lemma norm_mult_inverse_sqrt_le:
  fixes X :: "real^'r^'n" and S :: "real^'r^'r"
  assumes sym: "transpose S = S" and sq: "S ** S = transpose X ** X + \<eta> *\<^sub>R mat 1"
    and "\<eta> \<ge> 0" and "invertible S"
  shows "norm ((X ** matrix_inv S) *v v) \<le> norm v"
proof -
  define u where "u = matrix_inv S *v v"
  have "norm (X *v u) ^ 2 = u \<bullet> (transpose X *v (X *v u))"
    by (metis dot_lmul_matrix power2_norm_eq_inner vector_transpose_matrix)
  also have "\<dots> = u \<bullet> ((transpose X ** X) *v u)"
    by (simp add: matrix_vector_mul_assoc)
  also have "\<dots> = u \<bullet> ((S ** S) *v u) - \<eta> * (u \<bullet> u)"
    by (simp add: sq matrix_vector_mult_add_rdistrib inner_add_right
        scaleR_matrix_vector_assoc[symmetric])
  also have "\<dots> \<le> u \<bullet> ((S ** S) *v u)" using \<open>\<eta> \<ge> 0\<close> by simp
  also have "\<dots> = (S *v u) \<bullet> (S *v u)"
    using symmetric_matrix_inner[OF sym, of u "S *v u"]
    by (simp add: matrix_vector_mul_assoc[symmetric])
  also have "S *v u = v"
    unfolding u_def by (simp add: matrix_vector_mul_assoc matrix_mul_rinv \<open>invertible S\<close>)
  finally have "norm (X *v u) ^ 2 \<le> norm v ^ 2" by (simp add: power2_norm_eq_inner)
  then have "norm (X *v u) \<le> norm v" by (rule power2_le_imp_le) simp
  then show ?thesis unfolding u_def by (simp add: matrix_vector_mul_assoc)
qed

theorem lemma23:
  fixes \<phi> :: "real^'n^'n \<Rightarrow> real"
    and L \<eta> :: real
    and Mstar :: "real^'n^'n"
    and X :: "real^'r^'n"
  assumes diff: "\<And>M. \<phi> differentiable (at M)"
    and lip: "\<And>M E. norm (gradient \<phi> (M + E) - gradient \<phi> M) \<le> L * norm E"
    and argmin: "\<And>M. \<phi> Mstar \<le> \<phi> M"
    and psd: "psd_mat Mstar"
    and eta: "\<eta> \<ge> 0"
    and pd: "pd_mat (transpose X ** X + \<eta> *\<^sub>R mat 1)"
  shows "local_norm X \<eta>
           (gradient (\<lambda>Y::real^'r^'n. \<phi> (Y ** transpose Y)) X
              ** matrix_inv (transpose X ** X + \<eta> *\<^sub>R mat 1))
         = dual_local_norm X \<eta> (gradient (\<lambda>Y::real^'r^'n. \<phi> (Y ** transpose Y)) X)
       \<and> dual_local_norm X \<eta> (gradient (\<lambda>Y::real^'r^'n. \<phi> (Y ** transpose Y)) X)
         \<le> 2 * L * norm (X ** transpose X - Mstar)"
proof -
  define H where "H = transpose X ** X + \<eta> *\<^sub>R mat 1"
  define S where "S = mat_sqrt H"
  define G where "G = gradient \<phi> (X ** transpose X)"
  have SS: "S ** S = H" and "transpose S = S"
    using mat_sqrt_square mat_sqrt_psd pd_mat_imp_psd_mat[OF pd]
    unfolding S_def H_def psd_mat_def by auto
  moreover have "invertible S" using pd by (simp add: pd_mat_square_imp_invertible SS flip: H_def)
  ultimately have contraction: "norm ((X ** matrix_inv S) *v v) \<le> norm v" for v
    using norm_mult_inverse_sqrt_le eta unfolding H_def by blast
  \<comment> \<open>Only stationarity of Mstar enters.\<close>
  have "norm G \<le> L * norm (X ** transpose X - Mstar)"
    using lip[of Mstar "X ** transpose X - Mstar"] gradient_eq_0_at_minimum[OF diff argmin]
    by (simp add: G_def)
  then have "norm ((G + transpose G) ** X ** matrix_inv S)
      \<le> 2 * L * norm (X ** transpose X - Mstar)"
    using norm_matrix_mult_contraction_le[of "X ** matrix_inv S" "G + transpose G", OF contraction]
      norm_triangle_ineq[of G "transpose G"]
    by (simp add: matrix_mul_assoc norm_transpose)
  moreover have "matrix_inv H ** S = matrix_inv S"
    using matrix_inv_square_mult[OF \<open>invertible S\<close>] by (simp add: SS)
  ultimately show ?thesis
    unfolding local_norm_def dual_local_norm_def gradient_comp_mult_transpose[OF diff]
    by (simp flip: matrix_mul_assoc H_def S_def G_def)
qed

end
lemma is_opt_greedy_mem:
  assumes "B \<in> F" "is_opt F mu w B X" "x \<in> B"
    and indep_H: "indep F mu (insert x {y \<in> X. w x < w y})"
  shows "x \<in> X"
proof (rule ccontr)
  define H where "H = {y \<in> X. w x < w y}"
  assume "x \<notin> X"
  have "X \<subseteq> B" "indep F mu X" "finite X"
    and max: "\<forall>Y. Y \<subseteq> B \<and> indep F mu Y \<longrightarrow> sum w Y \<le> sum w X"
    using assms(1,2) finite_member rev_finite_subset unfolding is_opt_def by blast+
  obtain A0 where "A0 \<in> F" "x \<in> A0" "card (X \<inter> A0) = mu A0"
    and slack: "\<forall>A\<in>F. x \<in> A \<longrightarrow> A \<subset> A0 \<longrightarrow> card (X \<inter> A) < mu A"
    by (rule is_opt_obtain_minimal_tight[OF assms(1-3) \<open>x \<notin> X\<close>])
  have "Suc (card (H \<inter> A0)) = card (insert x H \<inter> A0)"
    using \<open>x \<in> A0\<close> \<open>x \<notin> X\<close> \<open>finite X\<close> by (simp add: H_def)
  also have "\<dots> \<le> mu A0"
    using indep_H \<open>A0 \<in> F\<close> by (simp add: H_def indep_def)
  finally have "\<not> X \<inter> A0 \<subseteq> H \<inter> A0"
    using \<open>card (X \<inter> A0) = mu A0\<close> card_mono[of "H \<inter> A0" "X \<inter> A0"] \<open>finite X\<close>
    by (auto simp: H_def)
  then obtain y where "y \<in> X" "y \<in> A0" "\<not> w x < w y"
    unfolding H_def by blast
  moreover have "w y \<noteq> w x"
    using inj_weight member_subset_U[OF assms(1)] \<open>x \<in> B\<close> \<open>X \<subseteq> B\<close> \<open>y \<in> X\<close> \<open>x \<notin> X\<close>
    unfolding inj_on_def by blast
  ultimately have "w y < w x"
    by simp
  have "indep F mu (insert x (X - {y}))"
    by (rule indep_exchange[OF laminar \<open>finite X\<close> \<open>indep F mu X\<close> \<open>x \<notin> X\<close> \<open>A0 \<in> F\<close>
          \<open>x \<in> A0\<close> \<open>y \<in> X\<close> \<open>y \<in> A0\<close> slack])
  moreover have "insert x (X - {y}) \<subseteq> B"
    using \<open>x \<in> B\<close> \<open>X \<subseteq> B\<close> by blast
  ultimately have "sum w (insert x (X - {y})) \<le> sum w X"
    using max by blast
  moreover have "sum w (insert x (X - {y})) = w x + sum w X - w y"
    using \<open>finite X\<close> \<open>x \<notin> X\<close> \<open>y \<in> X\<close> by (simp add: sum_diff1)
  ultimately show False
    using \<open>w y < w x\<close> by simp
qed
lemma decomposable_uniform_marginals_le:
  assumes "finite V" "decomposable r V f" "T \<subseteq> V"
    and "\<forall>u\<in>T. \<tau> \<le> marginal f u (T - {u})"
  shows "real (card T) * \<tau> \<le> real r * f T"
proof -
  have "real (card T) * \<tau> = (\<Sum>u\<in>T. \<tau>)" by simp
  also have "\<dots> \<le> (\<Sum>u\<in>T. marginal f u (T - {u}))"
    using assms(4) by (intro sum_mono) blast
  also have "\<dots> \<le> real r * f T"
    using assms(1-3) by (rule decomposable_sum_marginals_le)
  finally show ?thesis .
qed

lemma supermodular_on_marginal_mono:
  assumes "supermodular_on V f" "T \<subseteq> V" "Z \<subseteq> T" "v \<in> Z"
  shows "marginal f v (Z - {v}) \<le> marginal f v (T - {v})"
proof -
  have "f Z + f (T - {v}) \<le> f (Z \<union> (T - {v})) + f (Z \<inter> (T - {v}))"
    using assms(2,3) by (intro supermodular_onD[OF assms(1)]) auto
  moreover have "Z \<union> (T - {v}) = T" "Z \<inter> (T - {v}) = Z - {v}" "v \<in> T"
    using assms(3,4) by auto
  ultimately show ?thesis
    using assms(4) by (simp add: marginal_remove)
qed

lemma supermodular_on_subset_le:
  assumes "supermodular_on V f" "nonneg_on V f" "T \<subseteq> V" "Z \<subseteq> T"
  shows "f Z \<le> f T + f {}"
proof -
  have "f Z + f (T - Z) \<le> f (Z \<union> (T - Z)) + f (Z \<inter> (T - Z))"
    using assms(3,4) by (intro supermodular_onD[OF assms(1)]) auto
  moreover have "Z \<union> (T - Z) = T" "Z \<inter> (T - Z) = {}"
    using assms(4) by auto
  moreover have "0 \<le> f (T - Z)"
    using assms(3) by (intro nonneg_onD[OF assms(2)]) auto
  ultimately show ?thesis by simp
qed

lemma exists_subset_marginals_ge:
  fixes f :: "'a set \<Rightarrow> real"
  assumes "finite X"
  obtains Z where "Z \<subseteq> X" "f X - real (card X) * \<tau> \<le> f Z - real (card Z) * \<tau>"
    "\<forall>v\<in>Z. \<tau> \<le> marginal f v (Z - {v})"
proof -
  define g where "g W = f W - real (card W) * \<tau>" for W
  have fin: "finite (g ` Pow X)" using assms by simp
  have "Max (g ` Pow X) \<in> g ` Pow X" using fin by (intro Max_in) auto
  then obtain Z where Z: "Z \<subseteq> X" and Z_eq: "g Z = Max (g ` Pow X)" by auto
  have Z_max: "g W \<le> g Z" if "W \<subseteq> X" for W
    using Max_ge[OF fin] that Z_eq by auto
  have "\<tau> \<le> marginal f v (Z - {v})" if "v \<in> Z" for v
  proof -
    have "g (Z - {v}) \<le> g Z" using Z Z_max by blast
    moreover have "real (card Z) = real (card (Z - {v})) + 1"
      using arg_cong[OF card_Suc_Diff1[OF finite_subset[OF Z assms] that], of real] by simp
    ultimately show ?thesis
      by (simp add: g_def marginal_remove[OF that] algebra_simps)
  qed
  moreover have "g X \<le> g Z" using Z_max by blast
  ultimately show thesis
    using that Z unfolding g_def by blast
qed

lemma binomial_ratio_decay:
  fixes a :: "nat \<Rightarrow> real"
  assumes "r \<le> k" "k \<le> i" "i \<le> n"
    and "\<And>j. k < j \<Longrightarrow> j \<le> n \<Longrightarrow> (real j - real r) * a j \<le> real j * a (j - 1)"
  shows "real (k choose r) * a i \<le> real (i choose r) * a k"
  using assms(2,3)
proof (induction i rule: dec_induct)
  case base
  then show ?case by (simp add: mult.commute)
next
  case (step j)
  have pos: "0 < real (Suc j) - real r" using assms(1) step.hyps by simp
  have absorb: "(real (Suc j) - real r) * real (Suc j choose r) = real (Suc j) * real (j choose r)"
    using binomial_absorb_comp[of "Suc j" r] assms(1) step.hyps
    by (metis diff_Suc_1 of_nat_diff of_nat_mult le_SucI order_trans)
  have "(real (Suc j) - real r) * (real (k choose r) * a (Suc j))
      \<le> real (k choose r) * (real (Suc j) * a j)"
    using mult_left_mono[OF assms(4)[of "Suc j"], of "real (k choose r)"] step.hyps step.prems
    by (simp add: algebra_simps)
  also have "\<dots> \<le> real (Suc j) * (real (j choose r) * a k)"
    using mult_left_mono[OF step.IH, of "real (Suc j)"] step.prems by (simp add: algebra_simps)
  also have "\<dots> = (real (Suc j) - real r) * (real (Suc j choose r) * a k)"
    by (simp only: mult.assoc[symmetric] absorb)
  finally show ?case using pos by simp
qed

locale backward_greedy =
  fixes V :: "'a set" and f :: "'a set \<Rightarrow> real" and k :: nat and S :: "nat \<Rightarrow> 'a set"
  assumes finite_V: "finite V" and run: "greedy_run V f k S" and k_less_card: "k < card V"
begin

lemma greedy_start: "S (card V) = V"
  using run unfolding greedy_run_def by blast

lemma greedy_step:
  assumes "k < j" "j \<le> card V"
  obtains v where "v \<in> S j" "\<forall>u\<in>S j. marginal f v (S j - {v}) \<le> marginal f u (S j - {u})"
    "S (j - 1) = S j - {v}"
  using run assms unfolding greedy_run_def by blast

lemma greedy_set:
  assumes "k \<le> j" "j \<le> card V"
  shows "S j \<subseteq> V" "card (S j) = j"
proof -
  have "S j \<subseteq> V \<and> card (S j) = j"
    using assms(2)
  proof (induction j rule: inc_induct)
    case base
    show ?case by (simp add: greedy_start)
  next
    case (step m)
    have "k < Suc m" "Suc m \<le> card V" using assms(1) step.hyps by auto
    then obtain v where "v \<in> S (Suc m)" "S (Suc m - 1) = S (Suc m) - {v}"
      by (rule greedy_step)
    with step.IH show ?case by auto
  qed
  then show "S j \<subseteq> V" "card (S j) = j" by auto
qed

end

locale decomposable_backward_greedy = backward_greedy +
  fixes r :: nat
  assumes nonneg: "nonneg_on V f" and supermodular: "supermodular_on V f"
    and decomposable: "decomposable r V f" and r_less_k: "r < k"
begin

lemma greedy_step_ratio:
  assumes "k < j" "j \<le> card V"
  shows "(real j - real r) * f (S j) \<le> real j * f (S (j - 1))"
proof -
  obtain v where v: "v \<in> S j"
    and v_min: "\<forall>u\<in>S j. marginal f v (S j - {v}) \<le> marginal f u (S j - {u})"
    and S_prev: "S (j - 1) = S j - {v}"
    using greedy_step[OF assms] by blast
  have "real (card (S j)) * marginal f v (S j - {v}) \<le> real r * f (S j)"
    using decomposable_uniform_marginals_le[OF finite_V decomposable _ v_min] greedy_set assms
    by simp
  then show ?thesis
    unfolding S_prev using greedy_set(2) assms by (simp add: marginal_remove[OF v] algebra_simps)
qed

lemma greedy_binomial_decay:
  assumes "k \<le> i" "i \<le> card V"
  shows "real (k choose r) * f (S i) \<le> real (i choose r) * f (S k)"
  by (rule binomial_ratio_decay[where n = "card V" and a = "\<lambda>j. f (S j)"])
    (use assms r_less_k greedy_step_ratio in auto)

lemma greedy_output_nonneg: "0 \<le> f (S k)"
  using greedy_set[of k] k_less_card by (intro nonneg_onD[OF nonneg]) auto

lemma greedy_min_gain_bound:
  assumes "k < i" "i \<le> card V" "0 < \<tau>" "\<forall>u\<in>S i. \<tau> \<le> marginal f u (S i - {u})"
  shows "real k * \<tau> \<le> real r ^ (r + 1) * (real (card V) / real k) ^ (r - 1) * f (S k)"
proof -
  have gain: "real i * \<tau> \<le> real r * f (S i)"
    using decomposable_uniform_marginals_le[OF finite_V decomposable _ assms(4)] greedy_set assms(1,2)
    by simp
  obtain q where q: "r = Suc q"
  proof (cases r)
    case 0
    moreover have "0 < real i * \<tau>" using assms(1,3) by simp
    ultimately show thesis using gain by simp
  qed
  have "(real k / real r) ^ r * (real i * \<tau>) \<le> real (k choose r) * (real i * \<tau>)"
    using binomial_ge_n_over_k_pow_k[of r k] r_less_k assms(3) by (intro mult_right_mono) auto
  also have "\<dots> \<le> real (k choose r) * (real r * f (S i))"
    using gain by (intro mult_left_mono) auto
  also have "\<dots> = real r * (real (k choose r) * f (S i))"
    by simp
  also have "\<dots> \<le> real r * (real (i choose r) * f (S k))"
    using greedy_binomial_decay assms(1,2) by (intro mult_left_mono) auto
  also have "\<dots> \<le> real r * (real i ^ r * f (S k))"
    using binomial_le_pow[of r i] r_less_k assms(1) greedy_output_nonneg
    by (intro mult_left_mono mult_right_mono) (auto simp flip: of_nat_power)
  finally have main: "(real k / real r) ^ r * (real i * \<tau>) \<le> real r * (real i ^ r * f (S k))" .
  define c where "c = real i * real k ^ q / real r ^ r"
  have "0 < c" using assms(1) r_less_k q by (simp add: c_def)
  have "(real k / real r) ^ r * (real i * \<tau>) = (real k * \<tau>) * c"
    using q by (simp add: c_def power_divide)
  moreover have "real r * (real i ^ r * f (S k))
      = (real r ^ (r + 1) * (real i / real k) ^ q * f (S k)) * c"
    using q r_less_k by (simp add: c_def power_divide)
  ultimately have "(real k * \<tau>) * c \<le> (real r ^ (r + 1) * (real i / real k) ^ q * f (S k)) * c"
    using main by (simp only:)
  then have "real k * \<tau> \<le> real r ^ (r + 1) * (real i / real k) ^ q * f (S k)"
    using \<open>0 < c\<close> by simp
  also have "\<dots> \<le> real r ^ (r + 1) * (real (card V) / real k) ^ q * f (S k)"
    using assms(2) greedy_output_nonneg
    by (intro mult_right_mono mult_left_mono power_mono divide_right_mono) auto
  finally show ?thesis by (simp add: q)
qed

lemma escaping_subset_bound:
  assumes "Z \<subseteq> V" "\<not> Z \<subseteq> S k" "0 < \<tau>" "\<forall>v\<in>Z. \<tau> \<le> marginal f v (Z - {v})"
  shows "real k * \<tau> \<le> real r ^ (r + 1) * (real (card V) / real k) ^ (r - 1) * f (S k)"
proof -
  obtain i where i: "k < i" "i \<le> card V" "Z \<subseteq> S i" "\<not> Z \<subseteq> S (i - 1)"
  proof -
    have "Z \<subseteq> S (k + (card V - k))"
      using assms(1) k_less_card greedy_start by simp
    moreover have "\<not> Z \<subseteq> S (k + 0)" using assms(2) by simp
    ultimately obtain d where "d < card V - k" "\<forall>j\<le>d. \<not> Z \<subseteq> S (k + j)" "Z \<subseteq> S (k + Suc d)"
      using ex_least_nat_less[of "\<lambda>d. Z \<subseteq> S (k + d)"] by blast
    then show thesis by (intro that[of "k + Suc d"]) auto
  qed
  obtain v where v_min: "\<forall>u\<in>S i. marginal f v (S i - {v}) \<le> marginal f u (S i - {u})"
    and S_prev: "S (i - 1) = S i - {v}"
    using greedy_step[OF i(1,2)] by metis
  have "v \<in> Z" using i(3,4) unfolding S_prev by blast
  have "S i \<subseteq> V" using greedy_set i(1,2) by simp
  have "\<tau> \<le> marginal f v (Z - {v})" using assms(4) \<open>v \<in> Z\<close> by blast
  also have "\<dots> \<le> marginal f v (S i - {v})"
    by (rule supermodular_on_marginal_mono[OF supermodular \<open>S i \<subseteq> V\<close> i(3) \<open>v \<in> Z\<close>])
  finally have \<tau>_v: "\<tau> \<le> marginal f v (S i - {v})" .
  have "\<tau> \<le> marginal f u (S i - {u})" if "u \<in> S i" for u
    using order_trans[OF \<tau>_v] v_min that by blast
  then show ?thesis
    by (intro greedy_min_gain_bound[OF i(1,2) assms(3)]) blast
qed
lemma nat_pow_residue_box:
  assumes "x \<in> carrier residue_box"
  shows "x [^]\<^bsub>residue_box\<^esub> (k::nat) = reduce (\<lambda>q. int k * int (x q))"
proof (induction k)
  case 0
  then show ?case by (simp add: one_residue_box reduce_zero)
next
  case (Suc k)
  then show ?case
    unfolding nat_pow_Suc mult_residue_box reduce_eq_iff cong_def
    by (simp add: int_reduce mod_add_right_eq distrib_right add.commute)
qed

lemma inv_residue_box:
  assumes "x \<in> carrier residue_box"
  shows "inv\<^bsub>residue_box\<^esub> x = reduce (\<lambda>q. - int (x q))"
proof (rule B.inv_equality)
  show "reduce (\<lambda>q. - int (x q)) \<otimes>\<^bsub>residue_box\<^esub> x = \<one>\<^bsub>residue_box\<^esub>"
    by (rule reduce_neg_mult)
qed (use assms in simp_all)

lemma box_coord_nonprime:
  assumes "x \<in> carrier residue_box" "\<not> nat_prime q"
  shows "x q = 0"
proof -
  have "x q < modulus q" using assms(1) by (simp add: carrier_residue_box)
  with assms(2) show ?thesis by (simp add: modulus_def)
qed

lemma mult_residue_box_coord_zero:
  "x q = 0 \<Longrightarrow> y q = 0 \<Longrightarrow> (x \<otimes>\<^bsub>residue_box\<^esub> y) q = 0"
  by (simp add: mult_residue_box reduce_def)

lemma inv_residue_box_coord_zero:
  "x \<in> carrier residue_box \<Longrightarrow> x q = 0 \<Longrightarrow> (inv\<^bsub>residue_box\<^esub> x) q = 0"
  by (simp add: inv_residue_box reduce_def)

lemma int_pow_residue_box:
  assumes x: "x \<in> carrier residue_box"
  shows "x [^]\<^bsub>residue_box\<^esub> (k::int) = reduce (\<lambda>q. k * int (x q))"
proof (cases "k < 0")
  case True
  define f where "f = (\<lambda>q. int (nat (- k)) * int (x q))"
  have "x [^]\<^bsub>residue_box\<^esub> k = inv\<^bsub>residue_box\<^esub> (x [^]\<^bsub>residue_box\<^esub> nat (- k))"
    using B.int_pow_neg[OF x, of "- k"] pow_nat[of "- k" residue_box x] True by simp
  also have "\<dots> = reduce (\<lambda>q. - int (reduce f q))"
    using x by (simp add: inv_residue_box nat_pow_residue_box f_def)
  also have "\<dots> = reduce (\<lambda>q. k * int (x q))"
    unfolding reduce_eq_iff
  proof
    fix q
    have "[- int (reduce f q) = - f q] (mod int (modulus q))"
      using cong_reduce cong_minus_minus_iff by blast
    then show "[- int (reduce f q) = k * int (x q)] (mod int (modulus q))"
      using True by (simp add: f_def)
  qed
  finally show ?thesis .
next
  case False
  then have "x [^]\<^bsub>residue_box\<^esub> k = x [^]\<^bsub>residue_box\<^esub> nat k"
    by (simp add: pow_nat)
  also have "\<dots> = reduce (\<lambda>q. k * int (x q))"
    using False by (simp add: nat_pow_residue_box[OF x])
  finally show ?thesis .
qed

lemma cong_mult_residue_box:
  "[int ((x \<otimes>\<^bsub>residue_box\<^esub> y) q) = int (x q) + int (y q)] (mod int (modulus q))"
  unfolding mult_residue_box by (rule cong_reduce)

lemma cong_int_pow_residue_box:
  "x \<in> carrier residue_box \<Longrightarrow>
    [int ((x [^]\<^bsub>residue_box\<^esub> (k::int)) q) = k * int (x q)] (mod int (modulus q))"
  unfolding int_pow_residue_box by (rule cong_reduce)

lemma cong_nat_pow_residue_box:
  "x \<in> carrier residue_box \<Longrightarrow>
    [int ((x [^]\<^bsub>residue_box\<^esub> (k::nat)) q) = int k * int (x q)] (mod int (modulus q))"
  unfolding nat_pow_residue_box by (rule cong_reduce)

==============================

WORK TO COMPLETE:
Here the job is to output the lines from the start of the material through the line with "define u where", inclusive, exactly and with nothing else.

RESULT:
lemma norm_mult_inverse_sqrt_le:
  fixes X :: "real^'r^'n" and S :: "real^'r^'r"
  assumes sym: "transpose S = S" and sq: "S ** S = transpose X ** X + \<eta> *\<^sub>R mat 1"
    and "\<eta> \<ge> 0" and "invertible S"
  shows "norm ((X ** matrix_inv S) *v v) \<le> norm v"
proof -
  define u where "u = matrix_inv S *v v"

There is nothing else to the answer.